▸ **ACTIVITY**
Scan the listing beneath this sentence. Report each line with the word "where".

▸ **WORKING DATA**
--- START ---

(* Let $\overline{C}(\alpha,N)$ and $\overline{C}(\alpha)$ be as defined in the context. Then: (1) For real $0\le\alpha\le2$, $\overline{C}(\alpha,1)=0$ and $\overline{C}(\alpha,2)=1$. (2) For real $0\le\alpha\le2$ and positive integers $N$, $\overline{C}(\alpha,N)\le\overline{C}(\alpha,N+1)$. (3) For real $0\le\alpha\le2$ and positive integers $N$, $0\le\overline{C}(\alpha,N)\le N-1$. (4) For real $0\le\alpha\le2$, $\overline{C}(\alpha)=\lim_{N\to\infty}\overline{C}(\alpha,N)$.
   Context: For a strictly increasing sequence $(\lambda_k)_{k=-\infty}^{\infty}$ of real numbers, put $\delta_k:=\min\{\lambda_k-\lambda_{k-1},\lambda_{k+1}-\lambda_k\}$. For $0\le\alpha\le2$ and a positive integer $N$, let $\overline{C}(\alpha,N)$ be the minimum of all constants $C(\alpha,N)$ such that $$\sum_{m=1}^N\sum_{\substack{n=1\\ n\ne m}}^N\frac{\delta_m^{2-\alpha}\delta_n^{\alpha}t_mt_n}{(\lambda_m-\lambda_n)^2}\le C(\alpha,N)\sum_{n=1}^N t_n^2$$ holds for every strictly increasing real sequence $(\lambda_k)_{k\in\mathbb Z}$ and all nonnegative reals $t_1,\dots,t_N$. Let $\overline{C}(\alpha)$ be the minimum of all constants $C(\alpha)$ for which the same inequality (with $C(\alpha)$ in place of $C(\alpha,N)$) holds for every positive integer $N$, every such sequence and all nonnegative $t_1,\dots,t_N$; set $\overline{C}(\alpha)=\infty$ if no such real constant exists. *)

theory Defs
  imports "HOL-Analysis.Analysis"
begin

definition gap :: "(int \<Rightarrow> real) \<Rightarrow> int \<Rightarrow> real" where
  "gap lam k = min (lam k - lam (k - 1)) (lam (k + 1) - lam k)"

definition hilbert_lhs :: "real \<Rightarrow> nat \<Rightarrow> (int \<Rightarrow> real) \<Rightarrow> (nat \<Rightarrow> real) \<Rightarrow> real" where
  "hilbert_lhs \<alpha> N lam t =
     (\<Sum>m\<in>{1..N}. \<Sum>n\<in>{1..N} - {m}.
        gap lam (int m) powr (2 - \<alpha>) * gap lam (int n) powr \<alpha> * t m * t n
        / (lam (int m) - lam (int n))^2)"

definition admissible_const :: "real \<Rightarrow> nat \<Rightarrow> real \<Rightarrow> bool" where
  "admissible_const \<alpha> N C \<longleftrightarrow>
     (\<forall>lam :: int \<Rightarrow> real. strict_mono lam \<longrightarrow>
       (\<forall>t :: nat \<Rightarrow> real. (\<forall>n\<in>{1..N}. 0 \<le> t n) \<longrightarrow>
          hilbert_lhs \<alpha> N lam t \<le> C * (\<Sum>n\<in>{1..N}. (t n)^2)))"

--- END ---

▸ **YOUR SOLUTION**
definition gap :: "(int \<Rightarrow> real) \<Rightarrow> int \<Rightarrow> real" where
definition hilbert_lhs :: "real \<Rightarrow> nat \<Rightarrow> (int \<Rightarrow> real) \<Rightarrow> (nat \<Rightarrow> real) \<Rightarrow> real" where
definition admissible_const :: "real \<Rightarrow> nat \<Rightarrow> real \<Rightarrow> bool" where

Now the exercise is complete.